Приятели тяжело поднялись и принялись за хозяйственные дела, где в коровниках продолжали раздаваться голоса жён и детей.
Отказались от батраков компаньоны не только по своей воле, напугал почти трехгодичный раскат волнений в центральных городах и губерниях России, на Черноморском флоте, хотя разросшиеся хозяйства требовали дополнительных рук. Евграф уж по сложившейся традиции между приятелями первый давал оценку вооруженным восстаниям в Петербурге и в Москве.
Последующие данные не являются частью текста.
lemma int_indep_inj:
  assumes "int_indep v"
  shows "inj v"
proof
  fix i j assume "v i = v j"
  then have "int_comb v (\<lambda>k. of_bool (k = i) - of_bool (k = j)) = 0"
    by (simp add: int_comb_diff int_comb_unit)
  then have "(\<lambda>k. of_bool (k = i) - of_bool (k = j)) = (\<lambda>k. 0::int)"
    by (rule int_indep_coeff_zero[OF assms])
  from fun_cong[OF this, of i] show "i = j"
    by (cases "i = j") simp_all
qed

lemma ex_multiple_in_zspan:
  fixes v :: "'d::finite \<Rightarrow> int^'d"
  assumes indep: "int_indep v"
  shows "\<exists>n>0. of_nat n *s v0 \<in> zspan v"
proof (cases "v0 \<in> range v")
  case True
  then obtain i where "v0 = v i" by blast
  then have "of_nat 1 *s v0 = int_comb v (\<lambda>k. of_bool (k = i))"
    by (simp add: int_comb_unit)
  then show ?thesis by (auto simp: zspan_eq_range)
next
  case False
  let ?S = "insert v0 (range v)"
  have "card ?S = CARD('d) + 1"
    using False card_image[OF int_indep_inj[OF indep]] by simp
  then obtain c where c: "\<exists>s\<in>?S. c s \<noteq> 0" "(\<Sum>s\<in>?S. c s *s s) = 0"
    using int_dependent_if_card_gt[of ?S] by auto
  define m where "m = c v0"
  have rel: "m *s v0 + int_comb v (c \<circ> v) = 0"
    using c(2) False int_indep_inj[OF indep]
    by (simp add: m_def int_comb_def sum.reindex)
  have "m \<noteq> 0"
  proof
    assume "m = 0"
    then have "int_comb v (c \<circ> v) = 0"
      using rel by simp
    then have "c \<circ> v = (\<lambda>i. 0)"
      by (rule int_indep_coeff_zero[OF indep])
    then show False using c(1) \<open>m = 0\<close> by (auto simp: m_def fun_eq_iff)
  qed
  have comb: "int_comb v (c \<circ> v) = - (m *s v0)"
    using rel by (simp add: eq_neg_iff_add_eq_0 add.commute)
  have "sgn m * m = \<bar>m\<bar>"
    by (simp add: abs_sgn mult.commute)
  then have "of_nat (nat \<bar>m\<bar>) *s v0 = (- sgn m) *s int_comb v (c \<circ> v)"
    unfolding comb by (simp add: vector_smult_lneg vector_smult_rneg vector_smult_assoc)
  also have "\<dots> = int_comb v (\<lambda>i. - sgn m * c (v i))"
    by (simp only: int_comb_smult comp_def)
  finally show ?thesis
    using \<open>m \<noteq> 0\<close> by (intro exI[of _ "nat \<bar>m\<bar>"]) (auto simp: zspan_eq_range)
qed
– Нам ни к чему эти драки, Стёпа. Мы с тобой, как и большинство переселенцев – мирные хлеборобы. Кто нам помог попасть сюда и встать на ноги? Государь-император. Так на кой шут, я буду против него горло драть?!
– Ныне модное слово – революция пугает многих. Серафим с Емельяном как-то встретились, говорят: «Не спокойно на душе. Как бы нас, крепких хозяев, зачинщики смуты эксплуататорами не обозвали». Этих революционеров, Граня, я бы загнал к нам на годик – в наше ярмо. Посмотрел бы, что они запоют после такой жизни?
– Упадут, Стёпа, в борозде. Они наше ремесло знают плохо, вот и орут о свободе, мол, царизм виноват в том тяжком труде. Как будто падёт монаршая власть, хлеб сам по себе будет сыпать в закрома. Не тебе рассказывать, что хлеб без пролитого поту не растёт.
– Как же быть нам?
– Придётся, Стёпа, пока сыны наши не подрастут, остановиться с ростом хозяйства и от батраков отказаться. Иначе оно нас досрочно в гроб загонит.
Как ни старались обходиться своими силами, а сев и осенняя страда заставляли нанимать батраков. Обычно это были переселенцы-неудачники идущие в Сибирь по столыпинской реформе, но растерявшие в дороге казну, имущество, а то и здоровье. Были и такие, что запаздывали по весне, но стремясь быстрее встать на ноги, приращивали заработок к тем ссудам и путевым деньгам, что полагалось по закону. Старожилы платили щедро, и семья, отработав сезон, уходила навсегда, осваивала своё хозяйство. Так незаметно подкатил август четырнадцатого года с введением в империи военного положения, вступившей в войну с Австро-Венгрией и Германией. Страна забурлила патриотическим настроением, формировала полки запасников, призывала новобранцев. Среди городского населения появлялись добровольцы, которых называли вольноопределяющимися. Крестьянство же глухо молчало, особенно сибирское. Но скоро кровавый водоворот войны отрезвил многие головы, особенно после тяжелого поражения армии в Галиции. Отступая, она несла большие потери и требовала пополнение сил, вызывая недовольство основной питательной среды – крестьянства. Непопулярность войны породило массовое уклонение от призыва на фронт. Но разинутая пасть войны и не спрашивала желание хлеборобов драться, она поглощала их с помощью приказов и мобилизации. Вместе с тем в воюющей империи развернулось добровольное пожертвование средствами для нужд армии. Состоятельные купцы и заводчики бросали на алтарь победы крупные суммы, не остались в стороне помещики-землевладельцы и богатое крестьянство.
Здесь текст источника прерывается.